* **Data provided**:

————————

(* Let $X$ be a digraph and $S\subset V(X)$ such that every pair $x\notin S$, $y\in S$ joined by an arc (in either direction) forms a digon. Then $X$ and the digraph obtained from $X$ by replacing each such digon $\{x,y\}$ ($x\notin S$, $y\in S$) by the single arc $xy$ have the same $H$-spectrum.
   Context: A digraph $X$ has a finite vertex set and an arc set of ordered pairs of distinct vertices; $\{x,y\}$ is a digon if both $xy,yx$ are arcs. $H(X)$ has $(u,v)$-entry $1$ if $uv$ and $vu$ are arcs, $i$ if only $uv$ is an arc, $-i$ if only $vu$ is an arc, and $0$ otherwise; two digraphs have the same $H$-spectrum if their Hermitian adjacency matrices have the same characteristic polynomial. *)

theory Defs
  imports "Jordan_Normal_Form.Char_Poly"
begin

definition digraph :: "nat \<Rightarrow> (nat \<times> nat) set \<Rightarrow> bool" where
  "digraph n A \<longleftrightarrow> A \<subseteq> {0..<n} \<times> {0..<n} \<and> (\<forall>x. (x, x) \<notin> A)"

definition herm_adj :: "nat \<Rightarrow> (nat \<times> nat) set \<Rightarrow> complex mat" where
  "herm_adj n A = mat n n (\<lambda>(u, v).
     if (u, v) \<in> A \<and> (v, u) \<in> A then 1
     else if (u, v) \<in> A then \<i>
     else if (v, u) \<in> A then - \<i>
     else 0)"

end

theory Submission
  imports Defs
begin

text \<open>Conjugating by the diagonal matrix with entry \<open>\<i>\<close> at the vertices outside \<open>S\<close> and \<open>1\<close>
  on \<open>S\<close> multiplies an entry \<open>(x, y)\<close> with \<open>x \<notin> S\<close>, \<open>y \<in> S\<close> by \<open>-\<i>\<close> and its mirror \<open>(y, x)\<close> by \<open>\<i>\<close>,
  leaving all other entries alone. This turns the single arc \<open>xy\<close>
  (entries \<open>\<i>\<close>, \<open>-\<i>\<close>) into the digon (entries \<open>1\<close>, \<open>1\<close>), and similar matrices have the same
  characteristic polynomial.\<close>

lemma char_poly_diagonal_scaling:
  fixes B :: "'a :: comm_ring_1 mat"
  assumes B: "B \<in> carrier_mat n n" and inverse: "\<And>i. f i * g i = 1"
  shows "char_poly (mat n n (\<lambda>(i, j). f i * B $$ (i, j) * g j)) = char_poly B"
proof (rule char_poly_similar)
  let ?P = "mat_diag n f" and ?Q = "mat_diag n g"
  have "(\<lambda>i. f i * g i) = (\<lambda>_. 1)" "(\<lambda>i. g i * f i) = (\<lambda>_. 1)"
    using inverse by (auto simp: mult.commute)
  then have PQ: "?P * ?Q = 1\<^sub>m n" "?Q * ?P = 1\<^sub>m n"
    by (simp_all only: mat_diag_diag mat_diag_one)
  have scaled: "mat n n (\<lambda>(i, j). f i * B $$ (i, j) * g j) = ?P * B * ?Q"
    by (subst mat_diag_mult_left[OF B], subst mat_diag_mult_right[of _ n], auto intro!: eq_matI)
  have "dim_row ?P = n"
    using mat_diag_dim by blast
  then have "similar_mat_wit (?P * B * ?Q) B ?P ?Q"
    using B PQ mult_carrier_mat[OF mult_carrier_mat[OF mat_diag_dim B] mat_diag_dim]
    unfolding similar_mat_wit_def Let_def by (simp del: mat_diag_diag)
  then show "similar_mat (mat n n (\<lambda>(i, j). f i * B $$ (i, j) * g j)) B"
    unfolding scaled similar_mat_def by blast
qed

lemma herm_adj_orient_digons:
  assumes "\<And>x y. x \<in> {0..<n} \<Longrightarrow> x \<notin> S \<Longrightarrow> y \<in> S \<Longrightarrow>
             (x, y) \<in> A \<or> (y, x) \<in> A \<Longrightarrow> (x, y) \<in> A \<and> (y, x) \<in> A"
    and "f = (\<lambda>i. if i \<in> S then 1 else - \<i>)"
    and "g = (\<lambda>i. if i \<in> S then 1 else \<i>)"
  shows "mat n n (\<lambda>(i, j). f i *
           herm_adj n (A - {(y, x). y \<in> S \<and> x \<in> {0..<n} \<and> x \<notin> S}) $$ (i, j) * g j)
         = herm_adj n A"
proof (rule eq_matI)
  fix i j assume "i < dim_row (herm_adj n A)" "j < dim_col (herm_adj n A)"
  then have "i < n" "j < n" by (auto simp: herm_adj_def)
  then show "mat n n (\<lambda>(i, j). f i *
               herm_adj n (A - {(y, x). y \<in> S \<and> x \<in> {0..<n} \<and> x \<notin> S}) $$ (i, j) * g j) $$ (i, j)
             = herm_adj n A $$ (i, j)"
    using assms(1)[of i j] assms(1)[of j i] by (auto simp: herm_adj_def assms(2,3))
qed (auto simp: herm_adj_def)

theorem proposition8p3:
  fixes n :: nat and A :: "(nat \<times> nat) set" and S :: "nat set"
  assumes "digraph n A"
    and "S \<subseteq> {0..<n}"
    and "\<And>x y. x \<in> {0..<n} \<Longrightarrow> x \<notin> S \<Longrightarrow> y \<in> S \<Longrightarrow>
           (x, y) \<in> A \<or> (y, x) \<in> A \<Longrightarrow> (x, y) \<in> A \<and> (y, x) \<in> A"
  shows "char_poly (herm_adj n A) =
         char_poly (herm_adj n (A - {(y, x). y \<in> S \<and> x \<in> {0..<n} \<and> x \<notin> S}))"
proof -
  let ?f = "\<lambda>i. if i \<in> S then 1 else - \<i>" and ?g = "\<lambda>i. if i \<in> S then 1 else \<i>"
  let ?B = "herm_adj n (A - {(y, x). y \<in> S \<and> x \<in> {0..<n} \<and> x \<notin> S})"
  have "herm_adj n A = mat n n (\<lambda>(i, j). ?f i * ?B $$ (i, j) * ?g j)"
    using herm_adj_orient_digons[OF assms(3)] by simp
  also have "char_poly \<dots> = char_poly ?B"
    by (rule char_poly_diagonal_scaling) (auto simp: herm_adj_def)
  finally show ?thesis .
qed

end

————————

* **Work task**:
Above are records; repeat only the lines starting at the line with "characteristic polynomial.\<close>" and ending at the line with "fix i j assume", exactly as they appear, both included.

* **Answer for the task**:
  characteristic polynomial.\<close>

lemma char_poly_diagonal_scaling:
  fixes B :: "'a :: comm_ring_1 mat"
  assumes B: "B \<in> carrier_mat n n" and inverse: "\<And>i. f i * g i = 1"
  shows "char_poly (mat n n (\<lambda>(i, j). f i * B $$ (i, j) * g j)) = char_poly B"
proof (rule char_poly_similar)
  let ?P = "mat_diag n f" and ?Q = "mat_diag n g"
  have "(\<lambda>i. f i * g i) = (\<lambda>_. 1)" "(\<lambda>i. g i * f i) = (\<lambda>_. 1)"
    using inverse by (auto simp: mult.commute)
  then have PQ: "?P * ?Q = 1\<^sub>m n" "?Q * ?P = 1\<^sub>m n"
    by (simp_all only: mat_diag_diag mat_diag_one)
  have scaled: "mat n n (\<lambda>(i, j). f i * B $$ (i, j) * g j) = ?P * B * ?Q"
    by (subst mat_diag_mult_left[OF B], subst mat_diag_mult_right[of _ n], auto intro!: eq_matI)
  have "dim_row ?P = n"
    using mat_diag_dim by blast
  then have "similar_mat_wit (?P * B * ?Q) B ?P ?Q"
    using B PQ mult_carrier_mat[OF mult_carrier_mat[OF mat_diag_dim B] mat_diag_dim]
    unfolding similar_mat_wit_def Let_def by (simp del: mat_diag_diag)
  then show "similar_mat (mat n n (\<lambda>(i, j). f i * B $$ (i, j) * g j)) B"
    unfolding scaled similar_mat_def by blast
qed

lemma herm_adj_orient_digons:
  assumes "\<And>x y. x \<in> {0..<n} \<Longrightarrow> x \<notin> S \<Longrightarrow> y \<in> S \<Longrightarrow>
             (x, y) \<in> A \<or> (y, x) \<in> A \<Longrightarrow> (x, y) \<in> A \<and> (y, x) \<in> A"
    and "f = (\<lambda>i. if i \<in> S then 1 else - \<i>)"
    and "g = (\<lambda>i. if i \<in> S then 1 else \<i>)"
  shows "mat n n (\<lambda>(i, j). f i *
           herm_adj n (A - {(y, x). y \<in> S \<and> x \<in> {0..<n} \<and> x \<notin> S}) $$ (i, j) * g j)
         = herm_adj n A"
proof (rule eq_matI)
  fix i j assume "i < dim_row (herm_adj n A)" "j < dim_col (herm_adj n A)"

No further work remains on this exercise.